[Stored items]
= = = = =

definition outer_sum :: "(nat \<Rightarrow> real^'n) \<Rightarrow> (nat \<Rightarrow> real) \<Rightarrow> nat set \<Rightarrow> real^'n^'n" where
  "outer_sum w a K = (\<Sum>k\<in>K. a k *\<^sub>R outer (w k) (w k))"

lemma outer_sum_mult_vec: "outer_sum w a K *v x = (\<Sum>k\<in>K. (a k * (w k \<bullet> x)) *\<^sub>R w k)"
  unfolding outer_sum_def by (simp add: sum_matrix_vector_mult outer_mult_vec flip: scaleR_matrix_vector_assoc)

lemma outer_sum_add: "outer_sum w a K + outer_sum w b K = outer_sum w (\<lambda>k. a k + b k) K"
  unfolding outer_sum_def by (simp add: sum.distrib scaleR_add_left)

lemma outer_sum_diff: "outer_sum w a K - outer_sum w b K = outer_sum w (\<lambda>k. a k - b k) K"
  unfolding outer_sum_def by (simp add: sum_subtractf scaleR_diff_left)

lemma outer_sum_cong: "(\<And>k. k \<in> K \<Longrightarrow> a k = b k) \<Longrightarrow> outer_sum w a K = outer_sum w b K"
  unfolding outer_sum_def by (rule sum.cong) auto

lemma proj_block_eq_outer_sum: "proj_block S w K = S ** outer_sum w (\<lambda>_. 1) K"
  unfolding proj_block_def outer_sum_def by simp

lemma proj_block_empty: "proj_block S w {} = 0"
  by (simp add: proj_block_def)

lemma proj_block_Un:
  assumes "finite K" "finite L" "K \<inter> L = {}"
  shows "proj_block S w (K \<union> L) = proj_block S w K + proj_block S w L"
  unfolding proj_block_def using assms by (simp add: sum.union_disjoint matrix_add_ldistrib)

locale sigma_orthonormal =
  fixes S :: "real^'n^'n" and w :: "nat \<Rightarrow> real^'n"
  assumes orth: "\<forall>k<CARD('n). \<forall>l<CARD('n). w k \<bullet> (S *v w l) = (if k = l then 1 else 0)"
begin

lemma outer_sum_mult_S_w:
  assumes K: "K \<subseteq> {..<CARD('n)}" and l: "l < CARD('n)"
  shows "outer_sum w a K *v (S *v w l) = (if l \<in> K then a l *\<^sub>R w l else 0)"
proof -
  have "outer_sum w a K *v (S *v w l) = (\<Sum>k\<in>K. if k = l then a l *\<^sub>R w l else 0)"
    unfolding outer_sum_mult_vec by (rule sum.cong) (use orth K l in auto)
  also have "\<dots> = (if l \<in> K then a l *\<^sub>R w l else 0)"
    using finite_subset[OF K] by (simp add: sum.delta')
  finally show ?thesis .
qed

lemma outer_sum_S_outer_sum:
  assumes K: "K \<subseteq> {..<CARD('n)}" and L: "L \<subseteq> {..<CARD('n)}"
  shows "outer_sum w a K ** S ** outer_sum w b L = outer_sum w (\<lambda>k. a k * b k) (K \<inter> L)"
proof (rule matrix_eq[THEN iffD2], intro allI)
  fix x
  have "(outer_sum w a K ** S ** outer_sum w b L) *v x
      = (\<Sum>l\<in>L. (b l * (w l \<bullet> x)) *\<^sub>R (outer_sum w a K *v (S *v w l)))"
    by (simp add: outer_sum_mult_vec vec.sum matrix_vector_mult_scaleR flip: matrix_vector_mul_assoc)
  also have "\<dots> = (\<Sum>l\<in>L. if l \<in> K then (a l * b l * (w l \<bullet> x)) *\<^sub>R w l else 0)"
    by (rule sum.cong) (use L in \<open>auto simp: outer_sum_mult_S_w[OF K]\<close>)
  also have "\<dots> = outer_sum w (\<lambda>k. a k * b k) (K \<inter> L) *v x"
    using finite_subset[OF L] by (simp add: outer_sum_mult_vec Int_commute[of K L] sum.inter_restrict)
  finally show "(outer_sum w a K ** S ** outer_sum w b L) *v x = outer_sum w (\<lambda>k. a k * b k) (K \<inter> L) *v x" .
qed

lemma inj_on_w: "inj_on w {..<CARD('n)}"
proof (rule inj_onI)
  fix k l assume "k \<in> {..<CARD('n)}" "l \<in> {..<CARD('n)}" "w k = w l"
  then show "k = l" using orth by (metis lessThan_iff zero_neq_one)
qed

lemma independent_w: "independent (w ` {..<CARD('n)})"
proof (rule independent_if_scalars_zero)
  fix c v assume sum0: "(\<Sum>u\<in>w ` {..<CARD('n)}. c u *\<^sub>R u) = 0" and "v \<in> w ` {..<CARD('n)}"
  then obtain l where l: "l < CARD('n)" "v = w l" by auto
  have "0 = (\<Sum>k<CARD('n). c (w k) *\<^sub>R w k) \<bullet> (S *v w l)"
    using sum0 by (simp add: sum.reindex[OF inj_on_w])
  also have "\<dots> = (\<Sum>k<CARD('n). if k = l then c (w l) else 0)"
    unfolding inner_sum_left by (rule sum.cong) (use orth l in auto)
  also have "\<dots> = c v" using l by simp
  finally show "c v = 0" by simp
qed simp

lemma span_w: "span (w ` {..<CARD('n)}) = UNIV"
proof -
  have "card (w ` {..<CARD('n)}) = DIM(real^'n)"
    by (simp add: card_image[OF inj_on_w])
  then show ?thesis
    using card_ge_dim_independent[OF subset_UNIV independent_w] by auto
qed

lemma matrix_eq_on_w:
  fixes A B :: "real^'n^'n"
  assumes "\<And>k. k < CARD('n) \<Longrightarrow> A *v w k = B *v w k"
  shows "A = B"
proof (rule matrix_eq[THEN iffD2], intro allI)
  fix x :: "real^'n"
  show "A *v x = B *v x"
    by (rule linear_eq_on[where B = "w ` {..<CARD('n)}"]) (use assms span_w in auto)
qed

= = = = =

The answer must consist of all the entries, copied exactly.

> _Solution_:
definition outer_sum :: "(nat \<Rightarrow> real^'n) \<Rightarrow> (nat \<Rightarrow> real) \<Rightarrow> nat set \<Rightarrow> real^'n^'n" where
  "outer_sum w a K = (\<Sum>k\<in>K. a k *\<^sub>R outer (w k) (w k))"

lemma outer_sum_mult_vec: "outer_sum w a K *v x = (\<Sum>k\<in>K. (a k * (w k \<bullet> x)) *\<^sub>R w k)"
  unfolding outer_sum_def by (simp add: sum_matrix_vector_mult outer_mult_vec flip: scaleR_matrix_vector_assoc)

lemma outer_sum_add: "outer_sum w a K + outer_sum w b K = outer_sum w (\<lambda>k. a k + b k) K"
  unfolding outer_sum_def by (simp add: sum.distrib scaleR_add_left)

lemma outer_sum_diff: "outer_sum w a K - outer_sum w b K = outer_sum w (\<lambda>k. a k - b k) K"
  unfolding outer_sum_def by (simp add: sum_subtractf scaleR_diff_left)

lemma outer_sum_cong: "(\<And>k. k \<in> K \<Longrightarrow> a k = b k) \<Longrightarrow> outer_sum w a K = outer_sum w b K"
  unfolding outer_sum_def by (rule sum.cong) auto

lemma proj_block_eq_outer_sum: "proj_block S w K = S ** outer_sum w (\<lambda>_. 1) K"
  unfolding proj_block_def outer_sum_def by simp

lemma proj_block_empty: "proj_block S w {} = 0"
  by (simp add: proj_block_def)

lemma proj_block_Un:
  assumes "finite K" "finite L" "K \<inter> L = {}"
  shows "proj_block S w (K \<union> L) = proj_block S w K + proj_block S w L"
  unfolding proj_block_def using assms by (simp add: sum.union_disjoint matrix_add_ldistrib)

locale sigma_orthonormal =
  fixes S :: "real^'n^'n" and w :: "nat \<Rightarrow> real^'n"
  assumes orth: "\<forall>k<CARD('n). \<forall>l<CARD('n). w k \<bullet> (S *v w l) = (if k = l then 1 else 0)"
begin

lemma outer_sum_mult_S_w:
  assumes K: "K \<subseteq> {..<CARD('n)}" and l: "l < CARD('n)"
  shows "outer_sum w a K *v (S *v w l) = (if l \<in> K then a l *\<^sub>R w l else 0)"
proof -
  have "outer_sum w a K *v (S *v w l) = (\<Sum>k\<in>K. if k = l then a l *\<^sub>R w l else 0)"
    unfolding outer_sum_mult_vec by (rule sum.cong) (use orth K l in auto)
  also have "\<dots> = (if l \<in> K then a l *\<^sub>R w l else 0)"
    using finite_subset[OF K] by (simp add: sum.delta')
  finally show ?thesis .
qed

lemma outer_sum_S_outer_sum:
  assumes K: "K \<subseteq> {..<CARD('n)}" and L: "L \<subseteq> {..<CARD('n)}"
  shows "outer_sum w a K ** S ** outer_sum w b L = outer_sum w (\<lambda>k. a k * b k) (K \<inter> L)"
proof (rule matrix_eq[THEN iffD2], intro allI)
  fix x
  have "(outer_sum w a K ** S ** outer_sum w b L) *v x
      = (\<Sum>l\<in>L. (b l * (w l \<bullet> x)) *\<^sub>R (outer_sum w a K *v (S *v w l)))"
    by (simp add: outer_sum_mult_vec vec.sum matrix_vector_mult_scaleR flip: matrix_vector_mul_assoc)
  also have "\<dots> = (\<Sum>l\<in>L. if l \<in> K then (a l * b l * (w l \<bullet> x)) *\<^sub>R w l else 0)"
    by (rule sum.cong) (use L in \<open>auto simp: outer_sum_mult_S_w[OF K]\<close>)
  also have "\<dots> = outer_sum w (\<lambda>k. a k * b k) (K \<inter> L) *v x"
    using finite_subset[OF L] by (simp add: outer_sum_mult_vec Int_commute[of K L] sum.inter_restrict)
  finally show "(outer_sum w a K ** S ** outer_sum w b L) *v x = outer_sum w (\<lambda>k. a k * b k) (K \<inter> L) *v x" .
qed

lemma inj_on_w: "inj_on w {..<CARD('n)}"
proof (rule inj_onI)
  fix k l assume "k \<in> {..<CARD('n)}" "l \<in> {..<CARD('n)}" "w k = w l"
  then show "k = l" using orth by (metis lessThan_iff zero_neq_one)
qed

lemma independent_w: "independent (w ` {..<CARD('n)})"
proof (rule independent_if_scalars_zero)
  fix c v assume sum0: "(\<Sum>u\<in>w ` {..<CARD('n)}. c u *\<^sub>R u) = 0" and "v \<in> w ` {..<CARD('n)}"
  then obtain l where l: "l < CARD('n)" "v = w l" by auto
  have "0 = (\<Sum>k<CARD('n). c (w k) *\<^sub>R w k) \<bullet> (S *v w l)"
    using sum0 by (simp add: sum.reindex[OF inj_on_w])
  also have "\<dots> = (\<Sum>k<CARD('n). if k = l then c (w l) else 0)"
    unfolding inner_sum_left by (rule sum.cong) (use orth l in auto)
  also have "\<dots> = c v" using l by simp
  finally show "c v = 0" by simp
qed simp

lemma span_w: "span (w ` {..<CARD('n)}) = UNIV"
proof -
  have "card (w ` {..<CARD('n)}) = DIM(real^'n)"
    by (simp add: card_image[OF inj_on_w])
  then show ?thesis
    using card_ge_dim_independent[OF subset_UNIV independent_w] by auto
qed

lemma matrix_eq_on_w:
  fixes A B :: "real^'n^'n"
  assumes "\<And>k. k < CARD('n) \<Longrightarrow> A *v w k = B *v w k"
  shows "A = B"
proof (rule matrix_eq[THEN iffD2], intro allI)
  fix x :: "real^'n"
  show "A *v x = B *v x"
    by (rule linear_eq_on[where B = "w ` {..<CARD('n)}"]) (use assms span_w in auto)
qed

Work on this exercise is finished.